* Data records:

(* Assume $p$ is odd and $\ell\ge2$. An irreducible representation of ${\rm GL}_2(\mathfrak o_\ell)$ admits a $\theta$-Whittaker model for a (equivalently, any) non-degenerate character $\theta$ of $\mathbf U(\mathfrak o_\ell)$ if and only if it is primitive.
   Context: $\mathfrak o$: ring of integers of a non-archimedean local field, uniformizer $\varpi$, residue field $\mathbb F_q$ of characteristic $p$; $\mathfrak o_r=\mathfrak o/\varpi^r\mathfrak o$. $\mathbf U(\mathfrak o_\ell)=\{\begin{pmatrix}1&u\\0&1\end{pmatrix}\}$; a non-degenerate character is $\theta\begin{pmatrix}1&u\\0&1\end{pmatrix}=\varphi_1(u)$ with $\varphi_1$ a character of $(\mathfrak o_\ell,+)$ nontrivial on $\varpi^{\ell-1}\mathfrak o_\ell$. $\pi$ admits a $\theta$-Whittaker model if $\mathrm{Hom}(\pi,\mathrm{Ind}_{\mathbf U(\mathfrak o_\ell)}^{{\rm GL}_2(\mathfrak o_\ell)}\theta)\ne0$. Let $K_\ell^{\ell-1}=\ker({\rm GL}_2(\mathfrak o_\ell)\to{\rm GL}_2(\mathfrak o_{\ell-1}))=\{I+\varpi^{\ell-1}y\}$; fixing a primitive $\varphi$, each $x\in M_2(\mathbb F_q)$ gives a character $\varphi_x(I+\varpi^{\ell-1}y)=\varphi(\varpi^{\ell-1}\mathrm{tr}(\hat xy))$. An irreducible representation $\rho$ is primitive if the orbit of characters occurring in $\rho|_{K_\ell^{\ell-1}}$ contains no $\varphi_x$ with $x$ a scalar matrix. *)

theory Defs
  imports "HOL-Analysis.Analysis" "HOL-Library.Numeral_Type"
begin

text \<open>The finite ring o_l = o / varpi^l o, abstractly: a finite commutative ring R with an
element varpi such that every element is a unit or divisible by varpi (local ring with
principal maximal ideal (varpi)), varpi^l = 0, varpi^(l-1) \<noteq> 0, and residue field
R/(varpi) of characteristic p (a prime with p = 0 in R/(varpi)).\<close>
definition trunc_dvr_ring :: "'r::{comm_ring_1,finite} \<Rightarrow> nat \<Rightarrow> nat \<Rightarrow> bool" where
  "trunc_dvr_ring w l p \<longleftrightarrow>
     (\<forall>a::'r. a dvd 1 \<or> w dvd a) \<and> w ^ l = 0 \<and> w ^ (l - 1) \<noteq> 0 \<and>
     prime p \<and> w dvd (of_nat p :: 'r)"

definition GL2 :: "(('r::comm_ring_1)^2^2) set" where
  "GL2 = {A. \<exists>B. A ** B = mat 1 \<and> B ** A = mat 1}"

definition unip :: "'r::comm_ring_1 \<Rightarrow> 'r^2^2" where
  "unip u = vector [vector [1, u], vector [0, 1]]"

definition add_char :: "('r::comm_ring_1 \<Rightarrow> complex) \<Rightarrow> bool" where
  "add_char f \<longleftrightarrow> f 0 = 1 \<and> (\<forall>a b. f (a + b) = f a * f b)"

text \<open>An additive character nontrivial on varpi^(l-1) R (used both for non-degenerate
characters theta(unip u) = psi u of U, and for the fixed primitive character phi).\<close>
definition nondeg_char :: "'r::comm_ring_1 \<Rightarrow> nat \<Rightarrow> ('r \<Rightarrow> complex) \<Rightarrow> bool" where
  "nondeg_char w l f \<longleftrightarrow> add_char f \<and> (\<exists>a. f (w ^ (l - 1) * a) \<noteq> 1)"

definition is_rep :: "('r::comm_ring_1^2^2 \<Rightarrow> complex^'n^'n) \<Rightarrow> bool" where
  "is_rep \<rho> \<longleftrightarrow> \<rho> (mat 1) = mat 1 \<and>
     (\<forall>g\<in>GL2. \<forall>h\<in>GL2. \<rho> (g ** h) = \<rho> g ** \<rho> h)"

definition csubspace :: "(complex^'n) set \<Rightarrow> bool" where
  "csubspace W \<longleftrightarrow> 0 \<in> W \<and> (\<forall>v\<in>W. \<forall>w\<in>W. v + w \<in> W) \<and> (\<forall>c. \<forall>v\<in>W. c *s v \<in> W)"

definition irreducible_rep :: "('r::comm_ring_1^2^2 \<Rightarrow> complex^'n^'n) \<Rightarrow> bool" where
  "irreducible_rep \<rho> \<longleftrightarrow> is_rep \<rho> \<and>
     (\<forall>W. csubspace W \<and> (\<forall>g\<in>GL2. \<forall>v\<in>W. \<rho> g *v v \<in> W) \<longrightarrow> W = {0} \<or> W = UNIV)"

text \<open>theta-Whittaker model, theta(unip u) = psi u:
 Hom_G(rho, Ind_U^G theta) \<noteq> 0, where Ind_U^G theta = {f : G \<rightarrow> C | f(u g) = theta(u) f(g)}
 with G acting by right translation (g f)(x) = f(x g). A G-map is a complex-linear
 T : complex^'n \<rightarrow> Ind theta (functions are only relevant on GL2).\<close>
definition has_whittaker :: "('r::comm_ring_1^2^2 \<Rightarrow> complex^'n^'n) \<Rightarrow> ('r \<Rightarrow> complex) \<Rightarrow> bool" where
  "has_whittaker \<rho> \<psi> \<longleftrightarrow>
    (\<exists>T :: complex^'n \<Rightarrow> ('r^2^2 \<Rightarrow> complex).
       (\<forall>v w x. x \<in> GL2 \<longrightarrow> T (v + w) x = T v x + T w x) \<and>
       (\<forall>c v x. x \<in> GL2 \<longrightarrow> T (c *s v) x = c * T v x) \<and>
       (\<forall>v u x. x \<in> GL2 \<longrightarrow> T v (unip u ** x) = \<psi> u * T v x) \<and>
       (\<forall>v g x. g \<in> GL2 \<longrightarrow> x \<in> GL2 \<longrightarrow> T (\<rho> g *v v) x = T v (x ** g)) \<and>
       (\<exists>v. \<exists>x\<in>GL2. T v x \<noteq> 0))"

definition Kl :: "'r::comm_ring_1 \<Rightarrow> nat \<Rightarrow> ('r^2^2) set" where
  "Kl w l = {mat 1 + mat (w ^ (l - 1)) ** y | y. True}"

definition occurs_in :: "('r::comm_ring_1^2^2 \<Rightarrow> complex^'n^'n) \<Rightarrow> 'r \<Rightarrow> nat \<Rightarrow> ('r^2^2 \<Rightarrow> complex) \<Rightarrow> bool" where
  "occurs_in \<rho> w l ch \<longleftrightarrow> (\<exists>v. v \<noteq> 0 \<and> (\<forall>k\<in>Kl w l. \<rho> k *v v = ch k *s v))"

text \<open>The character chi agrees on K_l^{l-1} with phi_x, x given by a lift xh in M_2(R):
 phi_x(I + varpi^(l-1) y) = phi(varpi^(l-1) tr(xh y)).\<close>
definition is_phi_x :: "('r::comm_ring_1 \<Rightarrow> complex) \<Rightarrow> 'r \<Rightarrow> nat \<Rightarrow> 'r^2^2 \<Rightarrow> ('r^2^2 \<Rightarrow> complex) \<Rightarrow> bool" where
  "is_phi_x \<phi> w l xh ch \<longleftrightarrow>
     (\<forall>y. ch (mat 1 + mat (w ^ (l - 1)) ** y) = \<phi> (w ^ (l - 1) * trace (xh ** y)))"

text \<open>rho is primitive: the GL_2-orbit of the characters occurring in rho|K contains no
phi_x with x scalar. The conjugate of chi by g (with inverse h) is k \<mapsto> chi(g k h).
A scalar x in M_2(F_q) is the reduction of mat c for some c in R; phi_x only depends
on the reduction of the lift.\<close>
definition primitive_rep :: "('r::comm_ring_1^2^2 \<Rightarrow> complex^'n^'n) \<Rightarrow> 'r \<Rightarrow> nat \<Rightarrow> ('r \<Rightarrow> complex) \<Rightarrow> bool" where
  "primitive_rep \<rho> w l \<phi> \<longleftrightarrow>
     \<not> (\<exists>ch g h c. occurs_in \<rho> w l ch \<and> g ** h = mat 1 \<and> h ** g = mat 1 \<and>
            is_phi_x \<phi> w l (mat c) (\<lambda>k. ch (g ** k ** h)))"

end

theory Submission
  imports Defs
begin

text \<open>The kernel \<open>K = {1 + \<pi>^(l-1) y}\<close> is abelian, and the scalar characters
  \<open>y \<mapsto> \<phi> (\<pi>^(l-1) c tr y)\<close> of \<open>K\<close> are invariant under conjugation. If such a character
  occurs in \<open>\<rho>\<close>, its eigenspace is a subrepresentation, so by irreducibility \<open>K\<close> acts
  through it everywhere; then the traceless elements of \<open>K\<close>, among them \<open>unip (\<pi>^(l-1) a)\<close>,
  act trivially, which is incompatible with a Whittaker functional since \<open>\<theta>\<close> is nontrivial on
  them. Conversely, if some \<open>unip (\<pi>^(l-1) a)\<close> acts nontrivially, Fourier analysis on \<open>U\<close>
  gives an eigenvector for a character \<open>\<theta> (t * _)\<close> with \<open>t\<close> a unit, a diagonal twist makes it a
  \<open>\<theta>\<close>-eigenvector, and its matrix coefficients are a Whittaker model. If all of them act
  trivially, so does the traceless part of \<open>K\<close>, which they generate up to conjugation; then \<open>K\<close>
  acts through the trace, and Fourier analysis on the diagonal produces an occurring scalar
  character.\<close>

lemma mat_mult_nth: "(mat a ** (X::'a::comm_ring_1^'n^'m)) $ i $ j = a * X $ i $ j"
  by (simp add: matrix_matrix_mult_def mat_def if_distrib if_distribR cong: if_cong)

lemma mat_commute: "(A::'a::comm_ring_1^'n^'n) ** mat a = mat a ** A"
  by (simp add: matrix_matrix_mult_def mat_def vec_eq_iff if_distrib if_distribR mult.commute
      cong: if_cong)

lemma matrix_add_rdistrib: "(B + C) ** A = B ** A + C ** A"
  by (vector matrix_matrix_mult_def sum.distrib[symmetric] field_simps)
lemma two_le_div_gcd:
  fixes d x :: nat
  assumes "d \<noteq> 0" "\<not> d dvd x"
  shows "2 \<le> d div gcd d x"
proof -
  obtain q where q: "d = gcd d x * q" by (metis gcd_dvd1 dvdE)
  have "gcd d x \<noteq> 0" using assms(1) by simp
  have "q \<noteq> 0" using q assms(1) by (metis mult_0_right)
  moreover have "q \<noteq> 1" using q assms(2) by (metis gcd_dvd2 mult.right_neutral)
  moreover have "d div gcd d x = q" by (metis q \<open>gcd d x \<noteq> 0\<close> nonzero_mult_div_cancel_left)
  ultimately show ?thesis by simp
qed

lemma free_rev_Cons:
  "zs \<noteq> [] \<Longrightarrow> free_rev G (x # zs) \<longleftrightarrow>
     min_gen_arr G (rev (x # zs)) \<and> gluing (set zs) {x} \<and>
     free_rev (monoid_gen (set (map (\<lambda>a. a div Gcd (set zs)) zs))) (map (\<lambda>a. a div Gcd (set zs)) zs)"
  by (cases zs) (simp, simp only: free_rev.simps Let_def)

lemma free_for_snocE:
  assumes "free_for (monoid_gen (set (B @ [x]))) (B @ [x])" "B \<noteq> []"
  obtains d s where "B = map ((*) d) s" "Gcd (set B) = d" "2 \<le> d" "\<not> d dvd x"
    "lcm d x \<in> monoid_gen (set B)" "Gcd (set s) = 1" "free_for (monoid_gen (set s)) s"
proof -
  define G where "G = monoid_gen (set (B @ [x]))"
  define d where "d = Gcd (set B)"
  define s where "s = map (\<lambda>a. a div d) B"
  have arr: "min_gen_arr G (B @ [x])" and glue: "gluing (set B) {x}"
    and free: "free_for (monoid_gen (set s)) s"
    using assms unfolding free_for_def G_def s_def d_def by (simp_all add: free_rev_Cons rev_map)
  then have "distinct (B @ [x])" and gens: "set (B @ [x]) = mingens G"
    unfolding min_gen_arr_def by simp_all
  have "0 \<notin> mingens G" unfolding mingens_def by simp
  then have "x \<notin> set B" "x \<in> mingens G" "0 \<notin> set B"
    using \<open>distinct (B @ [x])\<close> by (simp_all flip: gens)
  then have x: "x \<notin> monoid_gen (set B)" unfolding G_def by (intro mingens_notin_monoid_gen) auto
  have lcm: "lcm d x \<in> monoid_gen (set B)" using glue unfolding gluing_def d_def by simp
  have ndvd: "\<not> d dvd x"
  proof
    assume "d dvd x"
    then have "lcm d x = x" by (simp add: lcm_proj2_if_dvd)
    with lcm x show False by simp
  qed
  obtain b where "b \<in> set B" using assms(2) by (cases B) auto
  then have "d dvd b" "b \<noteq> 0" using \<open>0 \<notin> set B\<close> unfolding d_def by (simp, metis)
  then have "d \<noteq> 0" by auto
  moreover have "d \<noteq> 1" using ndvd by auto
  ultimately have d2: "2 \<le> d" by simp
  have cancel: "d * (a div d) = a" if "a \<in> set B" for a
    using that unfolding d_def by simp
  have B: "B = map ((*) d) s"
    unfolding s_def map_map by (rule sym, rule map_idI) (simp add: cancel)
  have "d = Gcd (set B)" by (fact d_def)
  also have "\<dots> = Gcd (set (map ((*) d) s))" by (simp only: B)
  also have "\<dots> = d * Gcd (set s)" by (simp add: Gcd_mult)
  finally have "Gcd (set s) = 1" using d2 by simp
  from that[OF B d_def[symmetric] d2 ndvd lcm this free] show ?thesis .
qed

* Problem requirements: Reproduce, word for word and in full, only the lines above that start at the line with "imports Defs" and run through the line with "of them act", both ends included.

* Result below:
  imports Defs
begin

text \<open>The kernel \<open>K = {1 + \<pi>^(l-1) y}\<close> is abelian, and the scalar characters
  \<open>y \<mapsto> \<phi> (\<pi>^(l-1) c tr y)\<close> of \<open>K\<close> are invariant under conjugation. If such a character
  occurs in \<open>\<rho>\<close>, its eigenspace is a subrepresentation, so by irreducibility \<open>K\<close> acts
  through it everywhere; then the traceless elements of \<open>K\<close>, among them \<open>unip (\<pi>^(l-1) a)\<close>,
  act trivially, which is incompatible with a Whittaker functional since \<open>\<theta>\<close> is nontrivial on
  them. Conversely, if some \<open>unip (\<pi>^(l-1) a)\<close> acts nontrivially, Fourier analysis on \<open>U\<close>
  gives an eigenvector for a character \<open>\<theta> (t * _)\<close> with \<open>t\<close> a unit, a diagonal twist makes it a
  \<open>\<theta>\<close>-eigenvector, and its matrix coefficients are a Whittaker model. If all of them act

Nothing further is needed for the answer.